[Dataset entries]
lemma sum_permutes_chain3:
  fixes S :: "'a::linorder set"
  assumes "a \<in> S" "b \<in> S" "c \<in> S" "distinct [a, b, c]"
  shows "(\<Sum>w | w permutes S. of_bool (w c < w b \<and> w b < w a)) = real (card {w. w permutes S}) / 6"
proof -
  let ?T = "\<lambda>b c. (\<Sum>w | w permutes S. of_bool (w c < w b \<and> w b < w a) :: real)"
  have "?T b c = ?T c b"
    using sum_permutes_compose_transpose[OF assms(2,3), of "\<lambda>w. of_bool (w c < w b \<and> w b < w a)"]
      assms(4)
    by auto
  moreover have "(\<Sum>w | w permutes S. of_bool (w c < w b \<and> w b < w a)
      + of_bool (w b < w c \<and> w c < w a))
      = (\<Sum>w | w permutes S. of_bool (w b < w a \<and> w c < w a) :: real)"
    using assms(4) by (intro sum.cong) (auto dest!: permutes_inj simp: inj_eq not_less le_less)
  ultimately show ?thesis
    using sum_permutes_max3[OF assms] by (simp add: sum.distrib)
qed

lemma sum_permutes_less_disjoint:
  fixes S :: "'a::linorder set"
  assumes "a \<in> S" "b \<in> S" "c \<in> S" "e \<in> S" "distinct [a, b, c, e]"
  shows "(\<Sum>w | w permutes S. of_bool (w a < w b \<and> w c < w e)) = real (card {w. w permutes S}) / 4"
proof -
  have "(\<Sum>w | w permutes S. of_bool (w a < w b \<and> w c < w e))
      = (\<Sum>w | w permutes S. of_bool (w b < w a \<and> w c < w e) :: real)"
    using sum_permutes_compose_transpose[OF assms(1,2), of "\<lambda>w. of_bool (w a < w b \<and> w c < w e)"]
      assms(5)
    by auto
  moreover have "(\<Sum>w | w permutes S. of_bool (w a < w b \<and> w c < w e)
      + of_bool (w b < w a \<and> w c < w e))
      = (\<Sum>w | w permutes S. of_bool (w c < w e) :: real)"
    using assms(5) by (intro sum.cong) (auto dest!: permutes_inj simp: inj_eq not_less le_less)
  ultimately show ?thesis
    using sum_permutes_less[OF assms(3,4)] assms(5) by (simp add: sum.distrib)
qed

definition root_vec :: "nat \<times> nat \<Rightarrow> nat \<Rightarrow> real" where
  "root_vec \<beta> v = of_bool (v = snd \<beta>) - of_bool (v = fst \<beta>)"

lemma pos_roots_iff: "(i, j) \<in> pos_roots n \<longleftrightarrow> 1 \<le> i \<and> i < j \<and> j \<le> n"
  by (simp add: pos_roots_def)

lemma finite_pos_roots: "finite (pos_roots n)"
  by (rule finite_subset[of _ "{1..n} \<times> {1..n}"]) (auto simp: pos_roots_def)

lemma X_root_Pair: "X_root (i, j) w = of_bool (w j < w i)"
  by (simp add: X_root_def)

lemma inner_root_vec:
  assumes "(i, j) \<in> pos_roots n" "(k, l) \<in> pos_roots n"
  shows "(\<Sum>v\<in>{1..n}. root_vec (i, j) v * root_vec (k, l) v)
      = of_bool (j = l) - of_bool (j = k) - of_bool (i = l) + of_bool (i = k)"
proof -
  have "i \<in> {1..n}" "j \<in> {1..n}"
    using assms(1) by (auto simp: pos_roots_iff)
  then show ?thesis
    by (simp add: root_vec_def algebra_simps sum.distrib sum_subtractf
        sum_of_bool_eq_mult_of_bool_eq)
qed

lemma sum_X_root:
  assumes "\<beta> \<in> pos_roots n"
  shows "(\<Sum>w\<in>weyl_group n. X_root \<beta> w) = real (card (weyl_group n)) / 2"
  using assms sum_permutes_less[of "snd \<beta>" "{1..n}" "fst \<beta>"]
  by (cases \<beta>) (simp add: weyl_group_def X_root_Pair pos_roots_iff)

EXERCISE REQUIREMENTS: Here the output must be the lines above from the line with "using sum_permutes_compose_transpose[OF assms(2,3), of" to the line with "v = of_bool", both included, duplicated word for word and nothing else.

REPLY TO THE EXERCISE:
    using sum_permutes_compose_transpose[OF assms(2,3), of "\<lambda>w. of_bool (w c < w b \<and> w b < w a)"]
      assms(4)
    by auto
  moreover have "(\<Sum>w | w permutes S. of_bool (w c < w b \<and> w b < w a)
      + of_bool (w b < w c \<and> w c < w a))
      = (\<Sum>w | w permutes S. of_bool (w b < w a \<and> w c < w a) :: real)"
    using assms(4) by (intro sum.cong) (auto dest!: permutes_inj simp: inj_eq not_less le_less)
  ultimately show ?thesis
    using sum_permutes_max3[OF assms] by (simp add: sum.distrib)
qed

lemma sum_permutes_less_disjoint:
  fixes S :: "'a::linorder set"
  assumes "a \<in> S" "b \<in> S" "c \<in> S" "e \<in> S" "distinct [a, b, c, e]"
  shows "(\<Sum>w | w permutes S. of_bool (w a < w b \<and> w c < w e)) = real (card {w. w permutes S}) / 4"
proof -
  have "(\<Sum>w | w permutes S. of_bool (w a < w b \<and> w c < w e))
      = (\<Sum>w | w permutes S. of_bool (w b < w a \<and> w c < w e) :: real)"
    using sum_permutes_compose_transpose[OF assms(1,2), of "\<lambda>w. of_bool (w a < w b \<and> w c < w e)"]
      assms(5)
    by auto
  moreover have "(\<Sum>w | w permutes S. of_bool (w a < w b \<and> w c < w e)
      + of_bool (w b < w a \<and> w c < w e))
      = (\<Sum>w | w permutes S. of_bool (w c < w e) :: real)"
    using assms(5) by (intro sum.cong) (auto dest!: permutes_inj simp: inj_eq not_less le_less)
  ultimately show ?thesis
    using sum_permutes_less[OF assms(3,4)] assms(5) by (simp add: sum.distrib)
qed

definition root_vec :: "nat \<times> nat \<Rightarrow> nat \<Rightarrow> real" where
  "root_vec \<beta> v = of_bool (v = snd \<beta>) - of_bool (v = fst \<beta>)"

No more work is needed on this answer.